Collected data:
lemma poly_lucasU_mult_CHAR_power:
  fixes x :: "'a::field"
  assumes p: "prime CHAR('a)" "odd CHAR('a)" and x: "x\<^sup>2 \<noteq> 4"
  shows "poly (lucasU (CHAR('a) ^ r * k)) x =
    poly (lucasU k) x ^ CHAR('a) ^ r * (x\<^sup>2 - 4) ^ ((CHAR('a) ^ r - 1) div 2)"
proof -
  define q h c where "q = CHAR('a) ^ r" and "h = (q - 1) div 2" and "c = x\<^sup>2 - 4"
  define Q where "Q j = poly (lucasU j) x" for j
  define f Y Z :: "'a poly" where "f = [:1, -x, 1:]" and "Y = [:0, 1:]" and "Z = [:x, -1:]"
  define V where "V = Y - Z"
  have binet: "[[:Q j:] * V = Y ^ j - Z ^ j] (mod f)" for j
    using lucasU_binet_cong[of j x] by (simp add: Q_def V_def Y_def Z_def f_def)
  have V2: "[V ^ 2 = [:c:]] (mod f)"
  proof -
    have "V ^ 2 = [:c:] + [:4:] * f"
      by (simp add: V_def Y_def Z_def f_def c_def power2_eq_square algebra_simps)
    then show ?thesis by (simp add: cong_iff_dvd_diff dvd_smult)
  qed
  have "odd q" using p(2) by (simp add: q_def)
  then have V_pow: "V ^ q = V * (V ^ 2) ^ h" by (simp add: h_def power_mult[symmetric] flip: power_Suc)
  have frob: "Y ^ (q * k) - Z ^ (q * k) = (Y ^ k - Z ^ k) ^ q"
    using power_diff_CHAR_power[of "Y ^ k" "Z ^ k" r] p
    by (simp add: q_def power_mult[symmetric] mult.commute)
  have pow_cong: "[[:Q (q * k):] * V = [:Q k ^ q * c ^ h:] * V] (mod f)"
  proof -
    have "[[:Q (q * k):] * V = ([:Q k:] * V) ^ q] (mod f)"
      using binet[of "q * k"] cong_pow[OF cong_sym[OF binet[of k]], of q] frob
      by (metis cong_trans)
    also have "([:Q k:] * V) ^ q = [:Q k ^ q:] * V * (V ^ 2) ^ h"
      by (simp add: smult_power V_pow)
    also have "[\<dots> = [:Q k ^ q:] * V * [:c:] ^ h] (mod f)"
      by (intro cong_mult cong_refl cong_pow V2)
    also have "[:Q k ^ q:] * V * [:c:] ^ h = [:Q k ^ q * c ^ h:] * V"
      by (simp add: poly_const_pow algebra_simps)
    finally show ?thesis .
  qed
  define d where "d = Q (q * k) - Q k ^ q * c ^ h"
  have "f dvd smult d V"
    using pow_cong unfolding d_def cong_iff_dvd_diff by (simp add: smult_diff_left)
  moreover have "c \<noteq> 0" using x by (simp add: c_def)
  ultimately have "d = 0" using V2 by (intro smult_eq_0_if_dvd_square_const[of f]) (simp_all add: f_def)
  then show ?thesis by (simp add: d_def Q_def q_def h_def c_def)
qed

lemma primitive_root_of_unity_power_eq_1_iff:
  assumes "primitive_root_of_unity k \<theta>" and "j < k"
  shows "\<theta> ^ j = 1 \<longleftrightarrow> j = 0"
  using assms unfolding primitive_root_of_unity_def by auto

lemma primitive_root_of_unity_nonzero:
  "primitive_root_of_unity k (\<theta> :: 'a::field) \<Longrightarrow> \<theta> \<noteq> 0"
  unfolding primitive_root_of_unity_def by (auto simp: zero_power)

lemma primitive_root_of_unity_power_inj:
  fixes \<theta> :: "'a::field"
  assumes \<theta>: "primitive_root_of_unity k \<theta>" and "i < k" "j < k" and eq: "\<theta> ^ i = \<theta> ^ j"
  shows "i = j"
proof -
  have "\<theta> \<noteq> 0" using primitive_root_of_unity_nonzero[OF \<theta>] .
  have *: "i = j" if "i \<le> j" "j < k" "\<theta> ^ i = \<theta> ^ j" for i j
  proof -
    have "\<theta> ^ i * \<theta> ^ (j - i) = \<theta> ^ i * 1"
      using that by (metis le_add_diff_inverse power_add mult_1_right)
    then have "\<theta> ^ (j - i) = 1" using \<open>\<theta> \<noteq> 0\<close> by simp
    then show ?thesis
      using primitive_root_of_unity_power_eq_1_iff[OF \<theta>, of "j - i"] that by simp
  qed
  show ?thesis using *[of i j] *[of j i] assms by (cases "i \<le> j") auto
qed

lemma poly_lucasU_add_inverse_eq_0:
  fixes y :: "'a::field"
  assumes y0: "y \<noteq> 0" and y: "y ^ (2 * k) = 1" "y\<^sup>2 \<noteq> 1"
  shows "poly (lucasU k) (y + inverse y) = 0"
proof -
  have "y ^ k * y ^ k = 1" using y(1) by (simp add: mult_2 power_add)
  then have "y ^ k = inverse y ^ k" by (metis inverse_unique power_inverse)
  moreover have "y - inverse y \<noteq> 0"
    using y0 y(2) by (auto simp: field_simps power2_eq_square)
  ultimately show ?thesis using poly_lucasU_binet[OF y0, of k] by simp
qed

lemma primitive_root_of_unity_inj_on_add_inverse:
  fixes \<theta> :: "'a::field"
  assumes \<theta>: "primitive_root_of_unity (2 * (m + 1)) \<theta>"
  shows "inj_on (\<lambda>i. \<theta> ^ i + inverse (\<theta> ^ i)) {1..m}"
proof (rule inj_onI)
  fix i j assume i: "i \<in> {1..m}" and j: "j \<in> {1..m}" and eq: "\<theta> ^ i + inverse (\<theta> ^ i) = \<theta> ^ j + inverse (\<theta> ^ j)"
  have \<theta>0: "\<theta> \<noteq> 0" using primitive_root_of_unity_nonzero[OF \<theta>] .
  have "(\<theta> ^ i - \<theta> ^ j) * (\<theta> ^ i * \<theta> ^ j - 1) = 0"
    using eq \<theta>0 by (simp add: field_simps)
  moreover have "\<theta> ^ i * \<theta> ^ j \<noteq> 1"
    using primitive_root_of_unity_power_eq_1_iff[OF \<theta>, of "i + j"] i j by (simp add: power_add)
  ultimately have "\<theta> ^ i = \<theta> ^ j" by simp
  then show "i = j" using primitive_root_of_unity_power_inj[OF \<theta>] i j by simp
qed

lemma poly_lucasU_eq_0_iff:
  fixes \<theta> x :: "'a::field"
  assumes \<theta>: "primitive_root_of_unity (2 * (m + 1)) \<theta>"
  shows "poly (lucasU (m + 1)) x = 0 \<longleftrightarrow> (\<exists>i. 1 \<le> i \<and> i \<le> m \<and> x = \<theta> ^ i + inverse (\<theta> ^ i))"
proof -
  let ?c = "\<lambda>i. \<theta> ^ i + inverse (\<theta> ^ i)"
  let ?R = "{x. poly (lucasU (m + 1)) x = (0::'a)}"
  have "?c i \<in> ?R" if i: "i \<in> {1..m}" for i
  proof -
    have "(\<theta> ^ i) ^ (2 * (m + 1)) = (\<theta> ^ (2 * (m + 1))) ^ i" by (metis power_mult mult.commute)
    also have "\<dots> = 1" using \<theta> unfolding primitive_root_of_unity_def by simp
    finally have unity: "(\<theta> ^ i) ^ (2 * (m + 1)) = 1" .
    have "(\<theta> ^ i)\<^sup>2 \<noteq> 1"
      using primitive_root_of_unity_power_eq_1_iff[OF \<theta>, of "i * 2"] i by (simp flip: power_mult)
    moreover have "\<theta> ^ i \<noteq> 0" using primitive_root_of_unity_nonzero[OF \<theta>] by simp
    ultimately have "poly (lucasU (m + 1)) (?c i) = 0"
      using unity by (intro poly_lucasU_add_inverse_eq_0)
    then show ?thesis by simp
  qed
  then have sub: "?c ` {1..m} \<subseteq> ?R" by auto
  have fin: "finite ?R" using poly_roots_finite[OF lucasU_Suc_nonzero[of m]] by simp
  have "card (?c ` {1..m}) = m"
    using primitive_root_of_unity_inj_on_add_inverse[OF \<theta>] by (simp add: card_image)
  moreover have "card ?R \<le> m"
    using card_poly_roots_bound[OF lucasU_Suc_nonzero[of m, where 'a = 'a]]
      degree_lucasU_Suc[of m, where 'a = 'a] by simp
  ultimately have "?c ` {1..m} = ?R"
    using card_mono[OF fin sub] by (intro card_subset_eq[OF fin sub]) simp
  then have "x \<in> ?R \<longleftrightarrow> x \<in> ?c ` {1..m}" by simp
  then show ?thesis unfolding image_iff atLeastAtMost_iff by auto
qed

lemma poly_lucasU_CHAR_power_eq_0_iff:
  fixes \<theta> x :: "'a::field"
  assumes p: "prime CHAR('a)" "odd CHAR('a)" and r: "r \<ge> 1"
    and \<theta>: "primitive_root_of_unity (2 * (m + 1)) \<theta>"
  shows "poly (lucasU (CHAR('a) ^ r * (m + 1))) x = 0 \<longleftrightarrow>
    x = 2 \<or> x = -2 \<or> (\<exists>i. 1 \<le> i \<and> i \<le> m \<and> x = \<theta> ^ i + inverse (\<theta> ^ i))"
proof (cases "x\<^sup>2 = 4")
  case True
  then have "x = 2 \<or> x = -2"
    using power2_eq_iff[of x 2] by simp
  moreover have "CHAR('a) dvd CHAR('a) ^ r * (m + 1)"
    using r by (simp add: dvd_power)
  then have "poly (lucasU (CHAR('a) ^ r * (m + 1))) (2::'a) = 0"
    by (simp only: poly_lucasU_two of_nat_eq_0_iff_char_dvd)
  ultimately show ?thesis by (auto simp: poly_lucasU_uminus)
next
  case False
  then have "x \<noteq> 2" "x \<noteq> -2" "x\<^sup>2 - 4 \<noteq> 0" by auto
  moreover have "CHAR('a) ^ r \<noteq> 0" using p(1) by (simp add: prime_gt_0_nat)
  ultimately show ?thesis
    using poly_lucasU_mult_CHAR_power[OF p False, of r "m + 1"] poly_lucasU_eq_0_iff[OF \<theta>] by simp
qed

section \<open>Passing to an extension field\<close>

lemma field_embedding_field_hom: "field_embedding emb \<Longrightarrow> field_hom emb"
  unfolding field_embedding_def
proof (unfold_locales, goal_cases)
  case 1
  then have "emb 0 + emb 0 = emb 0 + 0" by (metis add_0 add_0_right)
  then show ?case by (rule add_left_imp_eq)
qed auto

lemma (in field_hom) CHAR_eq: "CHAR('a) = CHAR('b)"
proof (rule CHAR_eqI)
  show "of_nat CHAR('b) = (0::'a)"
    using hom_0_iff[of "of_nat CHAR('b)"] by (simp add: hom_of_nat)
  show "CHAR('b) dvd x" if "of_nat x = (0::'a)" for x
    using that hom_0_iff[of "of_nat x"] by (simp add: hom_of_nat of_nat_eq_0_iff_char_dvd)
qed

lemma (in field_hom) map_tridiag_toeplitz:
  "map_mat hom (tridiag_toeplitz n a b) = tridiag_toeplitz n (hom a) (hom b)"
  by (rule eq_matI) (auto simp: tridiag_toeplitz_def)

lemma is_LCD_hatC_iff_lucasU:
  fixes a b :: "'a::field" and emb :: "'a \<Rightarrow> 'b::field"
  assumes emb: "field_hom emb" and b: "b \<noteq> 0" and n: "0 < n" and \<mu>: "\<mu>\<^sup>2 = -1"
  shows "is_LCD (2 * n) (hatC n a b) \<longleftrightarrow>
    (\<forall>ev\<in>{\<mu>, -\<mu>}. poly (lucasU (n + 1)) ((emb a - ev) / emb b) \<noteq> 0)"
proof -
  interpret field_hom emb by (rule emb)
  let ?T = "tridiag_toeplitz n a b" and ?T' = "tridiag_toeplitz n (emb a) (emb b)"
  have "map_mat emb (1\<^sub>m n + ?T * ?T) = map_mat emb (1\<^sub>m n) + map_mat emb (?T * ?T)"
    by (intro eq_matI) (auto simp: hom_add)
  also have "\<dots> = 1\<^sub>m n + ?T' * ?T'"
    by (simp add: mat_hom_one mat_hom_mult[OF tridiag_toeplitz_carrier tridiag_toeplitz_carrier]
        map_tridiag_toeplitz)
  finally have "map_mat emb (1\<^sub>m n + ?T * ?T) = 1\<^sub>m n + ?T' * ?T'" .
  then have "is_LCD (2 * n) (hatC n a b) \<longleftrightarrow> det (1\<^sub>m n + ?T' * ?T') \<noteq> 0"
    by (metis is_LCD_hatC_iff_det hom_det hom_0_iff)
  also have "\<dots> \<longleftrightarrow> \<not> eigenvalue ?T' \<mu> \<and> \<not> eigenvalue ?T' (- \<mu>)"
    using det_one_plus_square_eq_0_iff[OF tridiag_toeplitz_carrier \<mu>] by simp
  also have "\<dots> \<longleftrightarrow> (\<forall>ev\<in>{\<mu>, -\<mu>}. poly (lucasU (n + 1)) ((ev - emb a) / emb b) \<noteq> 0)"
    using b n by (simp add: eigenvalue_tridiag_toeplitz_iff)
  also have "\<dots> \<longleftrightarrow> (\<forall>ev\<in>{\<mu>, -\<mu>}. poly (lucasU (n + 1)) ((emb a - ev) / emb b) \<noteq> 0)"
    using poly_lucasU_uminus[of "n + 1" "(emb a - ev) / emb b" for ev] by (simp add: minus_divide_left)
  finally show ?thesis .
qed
==
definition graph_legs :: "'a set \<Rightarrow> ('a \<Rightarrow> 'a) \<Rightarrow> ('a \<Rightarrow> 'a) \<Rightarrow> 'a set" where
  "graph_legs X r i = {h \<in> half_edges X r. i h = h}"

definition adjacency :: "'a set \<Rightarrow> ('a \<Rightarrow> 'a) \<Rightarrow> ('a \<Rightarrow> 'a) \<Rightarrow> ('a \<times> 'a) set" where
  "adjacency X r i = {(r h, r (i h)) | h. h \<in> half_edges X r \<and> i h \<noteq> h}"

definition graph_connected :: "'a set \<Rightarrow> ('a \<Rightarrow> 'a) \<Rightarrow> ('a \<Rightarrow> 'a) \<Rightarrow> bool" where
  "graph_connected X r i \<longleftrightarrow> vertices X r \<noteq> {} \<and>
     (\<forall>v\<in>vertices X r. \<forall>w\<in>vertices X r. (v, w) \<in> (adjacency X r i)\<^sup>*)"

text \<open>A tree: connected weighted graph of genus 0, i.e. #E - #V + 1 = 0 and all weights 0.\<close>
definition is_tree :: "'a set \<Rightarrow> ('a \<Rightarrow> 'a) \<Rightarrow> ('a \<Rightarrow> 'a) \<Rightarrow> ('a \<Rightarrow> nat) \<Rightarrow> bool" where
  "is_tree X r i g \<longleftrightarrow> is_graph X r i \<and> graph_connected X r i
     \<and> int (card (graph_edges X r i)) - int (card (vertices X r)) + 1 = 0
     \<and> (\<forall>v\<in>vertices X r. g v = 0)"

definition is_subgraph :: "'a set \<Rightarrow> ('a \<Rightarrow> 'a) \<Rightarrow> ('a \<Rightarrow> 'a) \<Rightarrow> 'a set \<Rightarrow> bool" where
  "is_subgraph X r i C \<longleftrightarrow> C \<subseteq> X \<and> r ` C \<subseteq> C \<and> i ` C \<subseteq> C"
* * *
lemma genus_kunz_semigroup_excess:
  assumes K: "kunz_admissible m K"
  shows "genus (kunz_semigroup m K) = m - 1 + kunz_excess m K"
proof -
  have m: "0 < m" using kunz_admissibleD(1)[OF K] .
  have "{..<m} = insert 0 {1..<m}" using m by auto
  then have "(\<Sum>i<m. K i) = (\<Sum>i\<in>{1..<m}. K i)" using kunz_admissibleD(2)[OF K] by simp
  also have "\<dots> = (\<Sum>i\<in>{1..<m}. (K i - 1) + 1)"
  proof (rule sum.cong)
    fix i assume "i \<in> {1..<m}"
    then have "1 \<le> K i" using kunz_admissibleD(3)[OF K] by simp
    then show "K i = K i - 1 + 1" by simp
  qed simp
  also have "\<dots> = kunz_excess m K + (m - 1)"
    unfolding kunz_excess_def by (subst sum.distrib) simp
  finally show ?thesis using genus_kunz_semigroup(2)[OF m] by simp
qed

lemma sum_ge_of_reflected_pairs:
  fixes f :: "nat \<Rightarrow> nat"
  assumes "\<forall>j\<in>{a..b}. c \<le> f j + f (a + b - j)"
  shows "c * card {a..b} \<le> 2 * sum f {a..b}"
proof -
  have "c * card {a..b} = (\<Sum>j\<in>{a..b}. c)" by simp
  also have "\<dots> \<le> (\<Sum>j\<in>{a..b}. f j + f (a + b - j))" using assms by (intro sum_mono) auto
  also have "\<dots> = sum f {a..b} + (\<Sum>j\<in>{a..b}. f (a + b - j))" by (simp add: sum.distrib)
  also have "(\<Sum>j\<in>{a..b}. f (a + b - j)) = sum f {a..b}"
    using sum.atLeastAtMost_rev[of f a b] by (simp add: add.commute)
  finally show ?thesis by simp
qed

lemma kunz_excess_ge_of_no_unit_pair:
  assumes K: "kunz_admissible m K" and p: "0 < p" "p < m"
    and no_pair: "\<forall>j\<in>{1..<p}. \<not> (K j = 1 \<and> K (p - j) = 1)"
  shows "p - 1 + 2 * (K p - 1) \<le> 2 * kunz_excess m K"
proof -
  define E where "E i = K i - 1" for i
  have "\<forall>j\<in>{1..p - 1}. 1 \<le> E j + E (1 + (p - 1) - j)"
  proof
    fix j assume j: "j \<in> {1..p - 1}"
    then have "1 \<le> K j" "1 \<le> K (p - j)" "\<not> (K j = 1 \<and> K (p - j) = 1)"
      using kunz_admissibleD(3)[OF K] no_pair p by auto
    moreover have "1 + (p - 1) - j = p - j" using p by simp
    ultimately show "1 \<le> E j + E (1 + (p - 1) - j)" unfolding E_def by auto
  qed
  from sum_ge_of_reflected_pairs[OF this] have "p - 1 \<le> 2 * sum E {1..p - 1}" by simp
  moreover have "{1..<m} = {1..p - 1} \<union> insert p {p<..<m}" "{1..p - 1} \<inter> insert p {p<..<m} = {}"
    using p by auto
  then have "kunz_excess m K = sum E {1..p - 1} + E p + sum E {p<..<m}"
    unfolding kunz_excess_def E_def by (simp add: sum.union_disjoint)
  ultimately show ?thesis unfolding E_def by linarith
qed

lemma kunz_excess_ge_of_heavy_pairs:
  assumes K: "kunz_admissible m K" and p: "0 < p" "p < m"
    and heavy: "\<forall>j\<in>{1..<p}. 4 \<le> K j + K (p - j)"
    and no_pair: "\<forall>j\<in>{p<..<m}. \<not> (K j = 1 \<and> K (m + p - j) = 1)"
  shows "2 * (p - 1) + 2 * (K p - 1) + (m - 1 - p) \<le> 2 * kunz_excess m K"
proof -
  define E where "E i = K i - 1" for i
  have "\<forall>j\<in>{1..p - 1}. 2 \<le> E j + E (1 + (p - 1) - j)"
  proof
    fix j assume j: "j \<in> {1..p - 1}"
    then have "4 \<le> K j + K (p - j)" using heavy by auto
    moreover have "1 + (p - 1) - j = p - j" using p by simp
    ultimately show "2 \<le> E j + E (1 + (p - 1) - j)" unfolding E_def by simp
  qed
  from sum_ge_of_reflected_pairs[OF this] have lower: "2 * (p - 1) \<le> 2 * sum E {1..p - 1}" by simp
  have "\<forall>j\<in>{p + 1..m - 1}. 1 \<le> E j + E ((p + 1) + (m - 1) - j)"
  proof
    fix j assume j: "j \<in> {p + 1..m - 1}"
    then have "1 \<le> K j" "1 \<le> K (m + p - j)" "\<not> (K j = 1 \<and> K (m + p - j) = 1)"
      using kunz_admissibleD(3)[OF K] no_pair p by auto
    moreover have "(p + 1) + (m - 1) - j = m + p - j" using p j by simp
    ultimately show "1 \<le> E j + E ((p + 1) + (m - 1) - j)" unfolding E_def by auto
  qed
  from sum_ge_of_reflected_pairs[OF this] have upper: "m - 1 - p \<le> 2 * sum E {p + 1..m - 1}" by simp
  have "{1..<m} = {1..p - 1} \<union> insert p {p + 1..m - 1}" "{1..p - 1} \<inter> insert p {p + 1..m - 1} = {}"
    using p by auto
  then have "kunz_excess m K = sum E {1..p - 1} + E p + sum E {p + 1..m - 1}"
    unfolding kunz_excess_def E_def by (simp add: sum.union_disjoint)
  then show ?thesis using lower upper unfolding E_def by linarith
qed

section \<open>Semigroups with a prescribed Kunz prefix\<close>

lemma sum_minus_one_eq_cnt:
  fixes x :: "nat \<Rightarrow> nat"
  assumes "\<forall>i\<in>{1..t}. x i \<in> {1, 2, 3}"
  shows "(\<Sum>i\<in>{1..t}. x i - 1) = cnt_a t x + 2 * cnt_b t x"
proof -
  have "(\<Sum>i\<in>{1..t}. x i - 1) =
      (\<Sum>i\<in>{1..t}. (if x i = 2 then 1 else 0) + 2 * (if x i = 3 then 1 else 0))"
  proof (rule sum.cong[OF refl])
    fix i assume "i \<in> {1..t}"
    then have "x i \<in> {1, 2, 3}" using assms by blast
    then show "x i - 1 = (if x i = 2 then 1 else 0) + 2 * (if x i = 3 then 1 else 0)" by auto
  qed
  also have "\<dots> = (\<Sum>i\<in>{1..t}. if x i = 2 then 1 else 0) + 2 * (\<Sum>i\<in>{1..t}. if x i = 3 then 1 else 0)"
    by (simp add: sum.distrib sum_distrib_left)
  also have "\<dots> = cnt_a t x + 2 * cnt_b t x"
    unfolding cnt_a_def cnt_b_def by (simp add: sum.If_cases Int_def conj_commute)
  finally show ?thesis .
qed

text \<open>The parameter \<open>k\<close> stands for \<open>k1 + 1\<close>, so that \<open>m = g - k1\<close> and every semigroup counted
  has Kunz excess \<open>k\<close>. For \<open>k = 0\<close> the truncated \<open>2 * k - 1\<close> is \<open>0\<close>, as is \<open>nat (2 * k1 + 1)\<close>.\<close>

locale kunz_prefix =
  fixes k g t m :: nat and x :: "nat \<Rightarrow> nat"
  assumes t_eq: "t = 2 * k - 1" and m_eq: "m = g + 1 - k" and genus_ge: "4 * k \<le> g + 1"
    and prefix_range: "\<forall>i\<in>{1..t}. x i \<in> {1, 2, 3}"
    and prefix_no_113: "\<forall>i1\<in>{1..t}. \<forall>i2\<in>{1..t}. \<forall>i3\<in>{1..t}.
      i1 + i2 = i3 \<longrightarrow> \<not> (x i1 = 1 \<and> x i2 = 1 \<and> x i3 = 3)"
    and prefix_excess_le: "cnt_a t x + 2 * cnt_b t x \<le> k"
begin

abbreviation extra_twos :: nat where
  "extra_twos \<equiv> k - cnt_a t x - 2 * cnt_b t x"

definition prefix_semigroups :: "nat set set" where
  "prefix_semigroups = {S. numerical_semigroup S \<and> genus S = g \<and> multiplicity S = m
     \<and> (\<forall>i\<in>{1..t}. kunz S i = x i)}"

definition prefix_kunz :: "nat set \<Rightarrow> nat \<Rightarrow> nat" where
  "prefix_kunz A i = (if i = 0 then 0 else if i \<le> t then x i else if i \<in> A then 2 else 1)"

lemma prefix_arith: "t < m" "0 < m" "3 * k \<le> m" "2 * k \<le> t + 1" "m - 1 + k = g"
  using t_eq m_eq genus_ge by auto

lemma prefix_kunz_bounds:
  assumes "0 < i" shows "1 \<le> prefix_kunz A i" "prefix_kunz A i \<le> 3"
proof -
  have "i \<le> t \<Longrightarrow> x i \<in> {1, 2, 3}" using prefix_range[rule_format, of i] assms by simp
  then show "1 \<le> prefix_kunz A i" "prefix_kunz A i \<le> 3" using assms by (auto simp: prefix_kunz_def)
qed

Required work: Find and copy each line above holding "this".

Exercise response:
  from sum_ge_of_reflected_pairs[OF this] have "p - 1 \<le> 2 * sum E {1..p - 1}" by simp
  from sum_ge_of_reflected_pairs[OF this] have lower: "2 * (p - 1) \<le> 2 * sum E {1..p - 1}" by simp
  from sum_ge_of_reflected_pairs[OF this] have upper: "m - 1 - p \<le> 2 * sum E {p + 1..m - 1}" by simp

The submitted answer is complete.